The square of healthy dark chocolate

In 2007, Mars had already changed its recipe in France to adapt to new consumer trends: lighter bars (42 grams instead of 50) and fewer calories (180 kcal against the previous 240). Chocapic cereals have reduced their amount of sugar by 41% between 2003 and 2021: from 42 grams per 100 grams to 24.9. The wisest among you will say that dark chocolate is just as, if not more, caloric than milk chocolate. True, but the high cocoa content maintains its reputation as an excellent food with nutritionists. We will remember it when we have you: calories have nothing to do with the nutritional quality or not of a food.

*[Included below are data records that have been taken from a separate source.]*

(* Consider the random basic walk on the infinite hexagonal lattice (the $3$-regular planar honeycomb graph). For any starting vertex and any initial port, the random basic walk cycles with probability $1$.
   Context: Graphs are connected, countable and locally finite; each undirected edge $\{v,w\}$ is regarded as two arcs $v\to w$ and $w\to v$. A labeling assigns, at each vertex $v$ of degree $\deg(v)$, the port numbers $1,\dots,\deg(v)$ bijectively to the arcs leaving $v$ (labels on $v\to w$ and $w\to v$ need not agree). In a random labeling these bijections are chosen uniformly at random, independently for different vertices. Given a labeling, a starting vertex $v_0$ and an initial port $\ell$, the basic walk leaves $v_0$ along the arc labeled $\ell$; thereafter, whenever it enters a vertex $v$ along an arc whose label is $i$, it leaves $v$ along the arc out of $v$ labeled $(i \bmod \deg(v))+1$. The random basic walk is the basic walk for a random labeling. The walk cycles if some arc is traversed twice in the same direction (equivalently, from some point on it is periodic and visits only finitely many vertices); it is transient otherwise. *)

theory Defs
  imports "HOL-Probability.Probability"
begin

text \<open>A graph is given by its neighbourhood function nbrs (symmetric, locally finite).
  A labeling is a function P with P v w the port number, at v, of the arc v->w;
  for fixed v it is a bijection from the neighbours of v onto 1..deg v, and 0 elsewhere.\<close>

definition deg :: "('a \<Rightarrow> 'a set) \<Rightarrow> 'a \<Rightarrow> nat" where
  "deg nbrs v = card (nbrs v)"

definition local_labels :: "('a \<Rightarrow> 'a set) \<Rightarrow> 'a \<Rightarrow> ('a \<Rightarrow> nat) set" where
  "local_labels nbrs v =
     {p. bij_betw p (nbrs v) {1..deg nbrs v} \<and> (\<forall>w. w \<notin> nbrs v \<longrightarrow> p w = 0)}"

definition port_target :: "('a \<Rightarrow> 'a set) \<Rightarrow> ('a \<Rightarrow> 'a \<Rightarrow> nat) \<Rightarrow> 'a \<Rightarrow> nat \<Rightarrow> 'a" where
  "port_target nbrs P v j = (THE w. w \<in> nbrs v \<and> P v w = j)"
lemma rcos_eq_iff:
  assumes "subgroup S G" "x \<in> carrier G" "y \<in> carrier G"
  shows "S #> x = S #> y \<longleftrightarrow> x \<otimes> inv y \<in> S"
proof
  assume "S #> x = S #> y"
  then have "x \<in> S #> y" using rcos_self[OF assms(2,1)] by simp
  then show "x \<otimes> inv y \<in> S" using subgroup.rcos_module_imp[OF assms(1) is_group assms(3)] by blast
next
  assume "x \<otimes> inv y \<in> S"
  then have "x \<in> S #> y" using subgroup.rcos_module_rev[OF assms(1) is_group assms(3,2)] by blast
  then show "S #> x = S #> y" using repr_independence[OF _ assms(3,1)] by simp
qed

lemma rcos_eq_self_iff:
  assumes "subgroup S G" "x \<in> carrier G"
  shows "S #> x = S \<longleftrightarrow> x \<in> S"
  using rcos_eq_iff[OF assms one_closed] assms subgroup.subset[OF assms(1)] by simp

lemma l_coset_mem_iff:
  assumes "subgroup S G" "c \<in> carrier G" "x \<in> carrier G"
  shows "x \<in> c <# S \<longleftrightarrow> inv c \<otimes> x \<in> S"
proof
  assume "x \<in> c <# S"
  then obtain s where "s \<in> S" "x = c \<otimes> s" by (auto simp: l_coset_def)
  then show "inv c \<otimes> x \<in> S"
    using assms(2) subgroup.mem_carrier[OF assms(1)] by (simp add: m_assoc[symmetric])
next
  assume "inv c \<otimes> x \<in> S"
  then show "x \<in> c <# S" by (rule subgroup.lcos_module_rev[OF assms(1) is_group assms(2,3)])
qed

lemma set_mult_rcos_absorb:
  assumes "subgroup A G" "subgroup B G" "A \<subseteq> B" "y \<in> carrier G"
  shows "B <#> (A #> y) = B #> y"
proof -
  have "B <#> A = B"
  proof
    show "B <#> A \<subseteq> B"
      using assms(3) subgroup.m_closed[OF assms(2)] by (auto simp: set_mult_def)
    show "B \<subseteq> B <#> A"
    proof
      fix x assume "x \<in> B"
      then have "x = x \<otimes> \<one>" using subgroup.mem_carrier[OF assms(2)] by simp
      then show "x \<in> B <#> A"
        using \<open>x \<in> B\<close> subgroup.one_closed[OF assms(1)] by (auto simp: set_mult_def)
    qed
  qed
  then show ?thesis
    using setmult_rcos_assoc subgroup.subset[OF assms(1)] subgroup.subset[OF assms(2)] assms(4)
    by metis
qed

lemma cosets_in_image_set_mult:
  assumes "subgroup A G" "subgroup B G" "A \<subseteq> B" "C \<subseteq> carrier G"
  shows "(\<lambda>Q. B <#> Q) ` cosets_in G C A = cosets_in G C B"
proof -
  have "B <#> (A #> c) = B #> c" if "c \<in> C" for c
    using set_mult_rcos_absorb[OF assms(1-3)] assms(4) that by blast
  then show ?thesis unfolding cosets_in_def by (auto simp: image_iff)
qed

lemma finite_cosets_in_mono:
  assumes "subgroup A G" "subgroup B G" "A \<subseteq> B" "C \<subseteq> carrier G"
    and "finite (cosets_in G C A)"
  shows "finite (cosets_in G C B)"
  using cosets_in_image_set_mult[OF assms(1-4)] finite_imageI[OF assms(5)] by metis

lemma rcosets_fiber:
  assumes sA: "subgroup A G" and sB: "subgroup B G" and "A \<subseteq> B" and c: "c \<in> carrier G"
  shows "{Q \<in> rcosets A. B <#> Q = B #> c} = (\<lambda>Q. Q #> c) ` cosets_in G B A"
proof (intro equalityI subsetI)
  fix Q assume "Q \<in> {Q \<in> rcosets A. B <#> Q = B #> c}"
  then obtain z where z: "z \<in> carrier G" "Q = A #> z" "B #> z = B #> c"
    using set_mult_rcos_absorb[OF sA sB \<open>A \<subseteq> B\<close>] by (auto simp: RCOSETS_def)
  then have "z \<otimes> inv c \<in> B" using rcos_eq_iff[OF sB] c by simp
  moreover have "Q = (A #> (z \<otimes> inv c)) #> c"
    using z c subgroup.subset[OF sA] by (simp add: coset_mult_assoc m_assoc)
  ultimately show "Q \<in> (\<lambda>Q. Q #> c) ` cosets_in G B A" by (auto simp: cosets_in_def)
next
  fix Q assume "Q \<in> (\<lambda>Q. Q #> c) ` cosets_in G B A"
  then obtain b where b: "b \<in> B" "Q = (A #> b) #> c" by (auto simp: cosets_in_def)
  then have bc: "b \<in> carrier G" using subgroup.mem_carrier[OF sB] by blast
  have Q: "Q = A #> (b \<otimes> c)" using b bc c subgroup.subset[OF sA] by (simp add: coset_mult_assoc)
  have "B #> (b \<otimes> c) = B #> c" using rcos_eq_iff[OF sB] b bc c by (simp add: m_assoc)
  then show "Q \<in> {Q \<in> rcosets A. B <#> Q = B #> c}"
    using Q bc c set_mult_rcos_absorb[OF sA sB \<open>A \<subseteq> B\<close>] rcosetsI subgroup.subset[OF sA] by auto
qed

lemma card_rcosets_fiber:
  assumes "subgroup A G" "subgroup B G" "A \<subseteq> B" "c \<in> carrier G"
  shows "finite {Q \<in> rcosets A. B <#> Q = B #> c} \<longleftrightarrow> finite (cosets_in G B A)"
    and "card {Q \<in> rcosets A. B <#> Q = B #> c} = card (cosets_in G B A)"
proof -
  have "inj_on (\<lambda>Q. Q #> c) (cosets_in G B A)"
  proof (rule inj_onI)
    fix Q P assume "Q \<in> cosets_in G B A" "P \<in> cosets_in G B A" and eq: "Q #> c = P #> c"
    then obtain a a' where "a \<in> B" "a' \<in> B" "Q = A #> a" "P = A #> a'"
      by (auto simp: cosets_in_def)
    then have "Q \<subseteq> carrier G" "P \<subseteq> carrier G"
      using subgroup.subset[OF assms(1)] subgroup.mem_carrier[OF assms(2)] r_coset_subset_G
      by auto
    then show "Q = P"
      using arg_cong[OF eq, of "\<lambda>R. R #> inv c"] assms(4) by (simp add: coset_mult_assoc)
  qed
  then show "finite {Q \<in> rcosets A. B <#> Q = B #> c} \<longleftrightarrow> finite (cosets_in G B A)"
    and "card {Q \<in> rcosets A. B <#> Q = B #> c} = card (cosets_in G B A)"
    unfolding rcosets_fiber[OF assms] by (simp_all add: finite_image_iff card_image)
qed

Marie-Eve Laporte sees it as “ripe for a healthy and healthy diet. So less sugar, but also less bad fat and more good food”. A category to which cocoa belongs, praised for its very good lipids, not to mention its magnesium and other nutritional pearls. Here it has been driven to the top of sales thanks to its dual effect “to do good in terms of taste and health, two values ​​that we tend to oppose”, concludes the expert. Because we don’t get to lying to each other, “healthy” green beans don’t melt in the mouth so well.

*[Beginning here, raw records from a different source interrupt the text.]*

(* Let $d$ be an even positive integer and $s$ a positive integer with $2s\leqslant d$. For every $\varepsilon,\gamma\in I^s\setminus\{\alpha,\omega\}$, $$ \mathrm{diam}(B_\varepsilon,B_\gamma)\leqslant\min\{d-s-\langle\varepsilon,\gamma\rangle,\ d-s-\langle\bar\varepsilon,\bar\gamma\rangle\}. $$
   Context: Let $I=\{0,1\}$; for binary vectors $|x|=\sum_i x_i$, $\langle x,y\rangle=\sum_i x_iy_i$, and $\bar x=(1-x_1,\ldots,1-x_n)$. For $x,y\in I^n$, $\mathrm{dist}(x,y)$ is the Hamming distance, and for $A,B\subseteq I^n$, $\mathrm{diam}(A,B)=\max\{\mathrm{dist}(a,b)\colon a\in A,b\in B\}$. Let $\alpha=(0,\ldots,0)$, $\omega=(1,\ldots,1)\in I^s$. For $\varepsilon\in I^s\setminus\{\alpha,\omega\}$ let $i=t(\varepsilon)$ be the unique index with $\varepsilon_i\neq\varepsilon_{i+1}=\cdots=\varepsilon_s$, and $A_\varepsilon=\{\varepsilon_1\}\times\cdots\times\{\varepsilon_i\}\times I^{s-1-i}\subseteq I^{s-1}$. Define subsets of $I^{d-s}$: $X_0=\{x\colon |x|\leqslant \frac d2-s\}$; $X_k=\{x\colon |x|=\frac d2-s+k\}$ for $0<k<s$; $X_s=\{x\colon |x|\geqslant \frac d2\}$. For $\varepsilon\in I^s\setminus\{\alpha,\omega\}$ set $B_\varepsilon=X_{|\varepsilon|}\cap(I^{d-2s+1}\times A_\varepsilon)$, where $I^{d-s}=I^{d-2s+1}\times I^{s-1}$. *)

theory Defs
  imports Main
begin

text \<open>Binary vectors of length n are lists over {0,1} (as nat) of length n;
  coordinate i (1-indexed in the paper) is list position i-1.\<close>

definition binvec :: "nat \<Rightarrow> nat list set" where
  "binvec n = {x. length x = n \<and> set x \<subseteq> {0, 1}}"

definition wt :: "nat list \<Rightarrow> nat" where
  "wt x = sum_list x"

definition ip :: "nat list \<Rightarrow> nat list \<Rightarrow> nat" where
  "ip x y = sum_list (map2 (*) x y)"

definition compl :: "nat list \<Rightarrow> nat list" where
  "compl x = map (\<lambda>a. 1 - a) x"

definition hdist :: "nat list \<Rightarrow> nat list \<Rightarrow> nat" where
  "hdist x y = card {i. i < length x \<and> x ! i \<noteq> y ! i}"

definition diam :: "nat list set \<Rightarrow> nat list set \<Rightarrow> nat" where
  "diam A B = Max {hdist a b | a b. a \<in> A \<and> b \<in> B}"

text \<open>t(e): the unique (1-indexed) i with e_i \<noteq> e_{i+1} = ... = e_s.
  In 0-indexed list positions: e!(i-1) \<noteq> e!i and e!j = e!i for i \<le> j < s.\<close>
definition tidx :: "nat list \<Rightarrow> nat" where
  "tidx e = (THE i. 0 < i \<and> i < length e \<and> e ! (i - 1) \<noteq> e ! i \<and>
                     (\<forall>j. i \<le> j \<and> j < length e \<longrightarrow> e ! j = e ! i))"

text \<open>A_e = {e_1} x ... x {e_i} x I^(s-1-i), a subset of I^(s-1).\<close>
definition Aset :: "nat \<Rightarrow> nat list \<Rightarrow> nat list set" where
  "Aset s e = {v \<in> binvec (s - 1). take (tidx e) v = take (tidx e) e}"

definition Xset :: "nat \<Rightarrow> nat \<Rightarrow> nat \<Rightarrow> nat list set" where
  "Xset d s k = {x \<in> binvec (d - s).
      (if k = 0 then wt x \<le> d div 2 - s
       else if k < s then wt x = d div 2 - s + k
       else d div 2 \<le> wt x)}"

text \<open>B_e = X_{|e|} \<inter> (I^(d-2s+1) x A_e), with I^(d-s) = I^(d-2s+1) x I^(s-1).\<close>
definition Bset :: "nat \<Rightarrow> nat \<Rightarrow> nat list \<Rightarrow> nat list set" where
  "Bset d s e = {x \<in> Xset d s (wt e). drop (d - 2 * s + 1) x \<in> Aset s e}"

end

theory Submission
  imports Defs
begin

text \<open>Let x \<in> B_e and y \<in> B_g with, by symmetry, i = t(e) \<le> t(g). On a window of i
  coordinates x and y agree with e and g, and from coordinate i on e is constant. Counting
  coordinates gives dist(x,y) + <x,y> + <compl x, compl y> = d - s and
  dist(x,y) + 2<x,y> = |x| + |y|, and likewise for e and g. If e vanishes from i on, the window
  yields <e,g> \<le> <x,y>; if e is 1 from i on, it yields <compl e, compl g> \<le> <compl x, compl y>.
  Because the weights satisfy |x| + |y| + s = d - s + |e| + |g|, the identities turn either of
  these inequalities into both bounds.\<close>

lemma binvec_nth_cases:
  assumes "x \<in> binvec n" "p < n"
  shows "x ! p = 0 \<or> x ! p = 1"
  using assms nth_mem unfolding binvec_def by fastforce

lemma finite_binvec: "finite (binvec n)"
  unfolding binvec_def using finite_lists_length_eq[of "{0, 1 :: nat}" n]
  by (simp add: conj_commute)

lemma hdist_eq_sum: "hdist x y = (\<Sum>p<length x. if x ! p = y ! p then 0 else 1)"
proof -
  have "{p. p < length x \<and> x ! p \<noteq> y ! p} = {p \<in> {..<length x}. x ! p \<noteq> y ! p}"
    by auto
  then show ?thesis
    unfolding hdist_def by (simp add: sum.If_cases Int_def)
qed

lemma ip_eq_sum: "length x = length y \<Longrightarrow> ip x y = (\<Sum>p<length x. x ! p * y ! p)"
  unfolding ip_def by (simp add: sum_list_sum_nth atLeast0LessThan)

lemma wt_eq_sum: "wt x = (\<Sum>p<length x. x ! p)"
  unfolding wt_def by (simp add: sum_list_sum_nth atLeast0LessThan)

lemma hdist_commute: "length x = length y \<Longrightarrow> hdist x y = hdist y x"
  unfolding hdist_def by metis

lemma ip_commute: "ip x y = ip y x"
  unfolding ip_def by (simp add: zip_commute[of x y] comp_def case_prod_unfold mult.commute)

lemma ip_take_drop: "ip x y = ip (take n x) (take n y) + ip (drop n x) (drop n y)"
  unfolding ip_def by (metis append_take_drop_id drop_zip map_append sum_list_append take_zip)

lemma wt_add_wt_compl: "set x \<subseteq> {0, 1} \<Longrightarrow> wt x + wt (compl x) = length x"
  by (induction x) (auto simp: wt_def compl_def)

lemma hdist_add_ip_add_ip_compl:
  assumes "x \<in> binvec n" "y \<in> binvec n"
  shows "hdist x y + ip x y + ip (compl x) (compl y) = n"
proof -
  have "hdist x y + ip x y + ip (compl x) (compl y)
      = (\<Sum>p<n. (if x ! p = y ! p then 0 else 1) + x ! p * y ! p + (1 - x ! p) * (1 - y ! p))"
    using assms by (simp add: binvec_def compl_def hdist_eq_sum ip_eq_sum sum.distrib)
  also have "\<dots> = (\<Sum>p<n. 1)"
    using binvec_nth_cases[OF assms(1)] binvec_nth_cases[OF assms(2)]
    by (intro sum.cong) fastforce+
  finally show ?thesis
    by simp
qed

lemma hdist_add_double_ip:
  assumes "x \<in> binvec n" "y \<in> binvec n"
  shows "hdist x y + 2 * ip x y = wt x + wt y"
proof -
  have "hdist x y + 2 * ip x y = (\<Sum>p<n. (if x ! p = y ! p then 0 else 1) + 2 * (x ! p * y ! p))"
    using assms by (simp add: binvec_def hdist_eq_sum ip_eq_sum sum.distrib sum_distrib_left)
  also have "\<dots> = (\<Sum>p<n. x ! p + y ! p)"
    using binvec_nth_cases[OF assms(1)] binvec_nth_cases[OF assms(2)]
    by (intro sum.cong) fastforce+
  finally show ?thesis
    using assms by (simp add: binvec_def wt_eq_sum sum.distrib)
qed

lemma ip_le_ip_of_window:
  assumes "take i (drop k x) = take i e" "take i (drop k y) = take i g"
    and "set (drop i e) \<subseteq> {0}"
  shows "ip e g \<le> ip x y"
proof -
  have "ip (drop i e) (drop i g) = 0"
    using assms(3) unfolding ip_def by (fastforce dest: set_zip_leftD)
  then have "ip e g = ip (take i (drop k x)) (take i (drop k y))"
    using ip_take_drop[of e g i] assms(1,2) by simp
  also have "\<dots> \<le> ip (drop k x) (drop k y)"
    using ip_take_drop[of "drop k x" "drop k y" i] by simp
  also have "\<dots> \<le> ip x y"
    using ip_take_drop[of x y k] by simp
  finally show ?thesis .
qed

lemma hdist_le_of_window:
  assumes "x \<in> binvec n" "y \<in> binvec n" "e \<in> binvec s" "g \<in> binvec s"
    and window: "take i (drop k x) = take i e" "take i (drop k y) = take i g"
    and tail: "set (drop i e) \<subseteq> {0} \<or> set (drop i e) \<subseteq> {1}"
    and weights: "wt x + wt y + s = n + wt e + wt g"
  shows "hdist x y \<le> min (n - ip e g) (n - ip (compl e) (compl g))"
proof -
  have compl_window: "take i (drop k (compl x)) = take i (compl e)"
    "take i (drop k (compl y)) = take i (compl g)"
    using window unfolding compl_def by (metis drop_map take_map)+
  have "ip e g \<le> ip x y \<or> ip (compl e) (compl g) \<le> ip (compl x) (compl y)"
    using tail
  proof
    assume "set (drop i e) \<subseteq> {0}"
    then show ?thesis
      using ip_le_ip_of_window[OF window] by blast
  next
    assume "set (drop i e) \<subseteq> {1}"
    then have "set (drop i (compl e)) \<subseteq> {0}"
      unfolding compl_def by (auto simp: drop_map)
    then show ?thesis
      using ip_le_ip_of_window[OF compl_window] by blast
  qed
  then show ?thesis
    using hdist_add_ip_add_ip_compl[of x n y] hdist_add_double_ip[of x n y]
      hdist_add_ip_add_ip_compl[of e s g] hdist_add_double_ip[of e s g] assms(1-4) weights
    by (elim disjE) linarith+
qed

definition is_last_change :: "nat list \<Rightarrow> nat \<Rightarrow> bool" where
  "is_last_change e i \<longleftrightarrow> 0 < i \<and> i < length e \<and> e ! (i - 1) \<noteq> e ! i \<and>
     (\<forall>j. i \<le> j \<and> j < length e \<longrightarrow> e ! j = e ! i)"

lemma is_last_change_unique:
  assumes "is_last_change e i" "is_last_change e k"
  shows "i = k"
proof -
  have False if "is_last_change e i" "is_last_change e k" "i < k" for i k
  proof -
    have const: "\<forall>j. i \<le> j \<and> j < length e \<longrightarrow> e ! j = e ! i"
      and "0 < k" "k < length e" "e ! (k - 1) \<noteq> e ! k"
      using that unfolding is_last_change_def by blast+
    moreover have "i \<le> k - 1" "k - 1 < length e"
      using \<open>i < k\<close> \<open>k < length e\<close> by simp_all
    ultimately show False
      using \<open>i < k\<close> by (metis less_imp_le)
  qed
  then show ?thesis
    using assms by (cases i k rule: linorder_cases) auto
qed

lemma is_last_change_exists:
  assumes "a \<in> set e" "a \<noteq> last e"
  shows "\<exists>i. is_last_change e i"
proof -
  define n where "n = length e"
  define J where "J = {j. j < n \<and> e ! j \<noteq> e ! (n - 1)}"
  have "last e = e ! (n - 1)"
    using assms(1) by (metis empty_iff last_conv_nth list.set(1) n_def)
  then have "J \<noteq> {}"
    using assms by (auto simp: J_def n_def in_set_conv_nth)
  moreover have "finite J"
    by (simp add: J_def)
  ultimately have "Max J \<in> J" and Max_ge: "\<And>j. j \<in> J \<Longrightarrow> j \<le> Max J"
    by simp_all
  then have "Max J < n" "e ! Max J \<noteq> e ! (n - 1)"
    by (simp_all add: J_def)
  then have "Max J < n - 1"
    by (cases "Max J = n - 1") auto
  have tail: "e ! j = e ! (n - 1)" if "Max J < j" "j < n" for j
    using Max_ge[of j] that unfolding J_def by fastforce
  have "is_last_change e (Suc (Max J))"
    unfolding is_last_change_def n_def[symmetric]
  proof (intro conjI allI impI)
    show "Suc (Max J) < n"
      using \<open>Max J < n - 1\<close> by simp
    then have "e ! Suc (Max J) = e ! (n - 1)"
      using tail by blast
    then show "e ! (Suc (Max J) - 1) \<noteq> e ! Suc (Max J)"
      using \<open>e ! Max J \<noteq> e ! (n - 1)\<close> by simp
    show "e ! j = e ! Suc (Max J)" if "Suc (Max J) \<le> j \<and> j < n" for j
      using that tail \<open>e ! Suc (Max J) = e ! (n - 1)\<close> by (metis Suc_le_eq)
  qed simp
  then show ?thesis ..
qed

lemma is_last_change_tidx:
  assumes "a \<in> set e" "a \<noteq> last e"
  shows "is_last_change e (tidx e)"
proof -
  obtain i where i: "is_last_change e i"
    using is_last_change_exists[OF assms] ..
  have "tidx e = (THE i. is_last_change e i)"
    unfolding tidx_def is_last_change_def ..
  also have "\<dots> = i"
    using i is_last_change_unique by blast
  finally show ?thesis
    using i by simp
qed

lemma set_drop_subset_last_change:
  assumes "is_last_change e i"
  shows "set (drop i e) \<subseteq> {e ! i}"
proof
  fix a assume "a \<in> set (drop i e)"
  then obtain p where "p < length e - i" "a = e ! (i + p)"
    by (auto simp: in_set_conv_nth)
  moreover have "\<forall>j. i \<le> j \<and> j < length e \<longrightarrow> e ! j = e ! i"
    using assms unfolding is_last_change_def by blast
  ultimately show "a \<in> {e ! i}"
    by (metis le_add1 less_diff_conv add.commute singletonI)
qed

lemma zero_one_mem_binvec:
  assumes "e \<in> binvec s" "e \<noteq> replicate s 0" "e \<noteq> replicate s 1"
  shows "0 \<in> set e" "1 \<in> set e"
  using assms replicate_eqI[of e s 0] replicate_eqI[of e s 1] unfolding binvec_def by blast+

lemma is_last_change_tidx_binvec:
  assumes "e \<in> binvec s" "0 \<in> set e" "1 \<in> set e"
  shows "is_last_change e (tidx e)"
  using assms is_last_change_tidx[of 0 e] is_last_change_tidx[of 1 e] by (cases "last e = 0") auto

It is the bitterness that takes the man

Taste is precisely the second trend that Marie-Eve Laporte analyzes to explain the shame of sugar: “The latter is known to kill the taste, and people who consume very sweet products have the image of people without a palate or with regressive taste. . Same observation by Pierre-Louis Desprez: “Chocolatiers wanted to segment their market into age categories and therefore now created specific ranges for adults to gain market share. This explains the rise of dark chocolate and a lot of cocoa. »

The question remains, does too much cocoa not kill the cocoa, by making the chocolate too bitter – or “intense” in more marketing terms? For Marie-Eve Laporte, it would be a matter of growing up and being updated: “Bitterness is a taste that is rejected by babies and that develops with age. It is therefore a taste that is well thought out socially, because it is a sign of a fine palate that understands complex things well”. Signs of a true fashion, we also talked about the arrival by virtue of the bitter in this paper on … IPA beer. “This should continue in this direction and increase in the coming years,” warns Marie-Eve Laporte. Come on, it’s time to grow up.